[Stored dataset items]
definition standing :: "nat list \<Rightarrow> complex \<Rightarrow> complex \<Rightarrow> complex \<Rightarrow> complex \<Rightarrow> complex list \<Rightarrow> bool" where
  "standing l h hs \<omega> \<omega>s a =
    (length l \<ge> 1 \<and> length a = length l \<and> h \<noteq> 0 \<and> hs \<noteq> 0 \<and>
     \<omega> \<notin> negrange (2 * int (tot l) - 1) \<and> \<omega>s \<notin> negrange (2 * int (tot l) - 1) \<and>
     (\<forall>i<length l.
        a ! i \<notin> negrange (int (l ! i)) \<and>
        a ! i + \<omega> - \<omega>s \<notin> negrange (int (l ! i)) \<and>
        a ! i - of_nat (tot l) - \<omega>s \<notin> negrange (int (l ! i)) \<and>
        a ! i + of_nat (tot l) + \<omega> \<notin> negrange (int (l ! i))) \<and>
     (\<forall>i<length l. \<forall>j<length l. \<forall>\<epsilon>i\<in>{1,-1}. \<forall>\<epsilon>j\<in>{1,-1}.
        general_position (Sset \<epsilon>i (l ! i) (a ! i) \<omega> \<omega>s) (Sset \<epsilon>j (l ! j) (a ! j) \<omega> \<omega>s)))"

end

theory Submission
  imports Defs
begin

(* Reading off the coefficient of V^m, the claim A V(x) = theta_|x| V(x) says that for every
   m >= x the lowering terms sum_p xi_{m,p} C_{m-e_p,x} equal (theta_|x| - theta_|m|) C_{m,x}.
   This sum telescopes. Let P_j be the product in C_{m,x} with the Pochhammer bases of all
   positions q > j lowered by one, and F_j = (|m|_1^j - |x|_1^j) P_j. Then the p-th term is
   -h (|x| + |m| + omega) s (F_p - F_(p-1)), where s is the prefactor
   (-1)^(|m|-|x|) / (2|x| + omega + 1)_(|m|-|x|) of C_{m,x}; per position this is binomial
   absorption together with (D + k + 1) (B)_(k+1) - D (B - 1)_(k+1) = (k + 1) (D + B + k) (B)_k.
   As F_0 = 0 and F_N = (|m| - |x|) P_N, the sum is -h (|x| + |m| + omega) (|m| - |x|) C_{m,x},
   which is (theta_|x| - theta_|m|) C_{m,x}. Of the standing constraints only the one on omega
   is needed: it makes |x| + |m| + omega nonzero, so that the prefactor of C_{m-e_p,x} is
   -(|x| + |m| + omega) times the prefactor s of C_{m,x}. *)

lemma tsum_0 [simp]: "tsum n (Suc 0) 0 = 0"
  by (simp add: tsum_def)

lemma tsum_Suc [simp]: "tsum n (Suc 0) (Suc j) = tsum n (Suc 0) j + n ! j"
  by (simp add: tsum_def)

lemma tsum_mono: "(\<And>i. i < j \<Longrightarrow> x ! i \<le> n ! i) \<Longrightarrow> tsum x 1 j \<le> tsum n 1 j"
  unfolding tsum_def by (intro sum_mono) auto

lemma tot_mono:
  "length x = length n \<Longrightarrow> (\<And>i. i < length n \<Longrightarrow> x ! i \<le> n ! i) \<Longrightarrow> tot x \<le> tot n"
  unfolding tot_def by (metis tsum_mono)

definition unitsub :: "nat list \<Rightarrow> nat \<Rightarrow> nat list" where
  "unitsub n p = n[p - 1 := n ! (p - 1) - 1]"

lemma length_unitsub [simp]: "length (unitsub n p) = length n"
  by (simp add: unitsub_def)

lemma nth_unitsub:
  "p \<in> {1..length n} \<Longrightarrow> unitsub n p ! i = (if i = p - 1 then n ! i - 1 else n ! i)"
  by (auto simp: unitsub_def nth_list_update)

lemma tsum_unitsub:
  assumes "p \<in> {1..length n}" "0 < n ! (p - 1)"
  shows "tsum (unitsub n p) 1 j + (if p \<le> j then 1 else 0) = tsum n 1 j"
  using assms by (induction j) (auto simp: nth_unitsub split: if_splits)

lemma tot_unitsub:
  "p \<in> {1..length n} \<Longrightarrow> 0 < n ! (p - 1) \<Longrightarrow> tot (unitsub n p) + 1 = tot n"
  using tsum_unitsub[of p n "length n"] by (simp add: tot_def)

lemma of_nat_tsum_unitsub:
  assumes "p \<in> {1..length n}" "0 < n ! (p - 1)"
  shows "(of_nat (tsum (unitsub n p) 1 j) :: 'a::ring_1) = of_nat (tsum n 1 j) - (if p \<le> j then 1 else 0)"
proof -
  have "tsum n 1 j = tsum (unitsub n p) 1 j + (if p \<le> j then 1 else 0)"
    using tsum_unitsub[OF assms] by simp
  then show ?thesis
    by simp
qed

lemma unitadd_unitsub: "p \<in> {1..length n} \<Longrightarrow> 0 < n ! (p - 1) \<Longrightarrow> unitadd (unitsub n p) p = n"
  by (auto simp: unitadd_def unitsub_def)

lemma unitadd_eq_iff:
  assumes "p \<in> {1..length m}" "length n = length m"
  shows "unitadd n p = m \<longleftrightarrow> n = unitsub m p \<and> 0 < m ! (p - 1)"
proof
  assume "unitadd n p = m"
  with assms show "n = unitsub m p \<and> 0 < m ! (p - 1)"
    by (auto simp: unitadd_def unitsub_def)
qed (use assms unitadd_unitsub in auto)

What to work on — The answer must be every line of the records that holds the string "with".

Exercise solution —
   This sum telescopes. Let P_j be the product in C_{m,x} with the Pochhammer bases of all
   absorption together with (D + k + 1) (B)_(k+1) - D (B - 1)_(k+1) = (k + 1) (D + B + k) (B)_k.
  with assms show "n = unitsub m p \<and> 0 < m ! (p - 1)"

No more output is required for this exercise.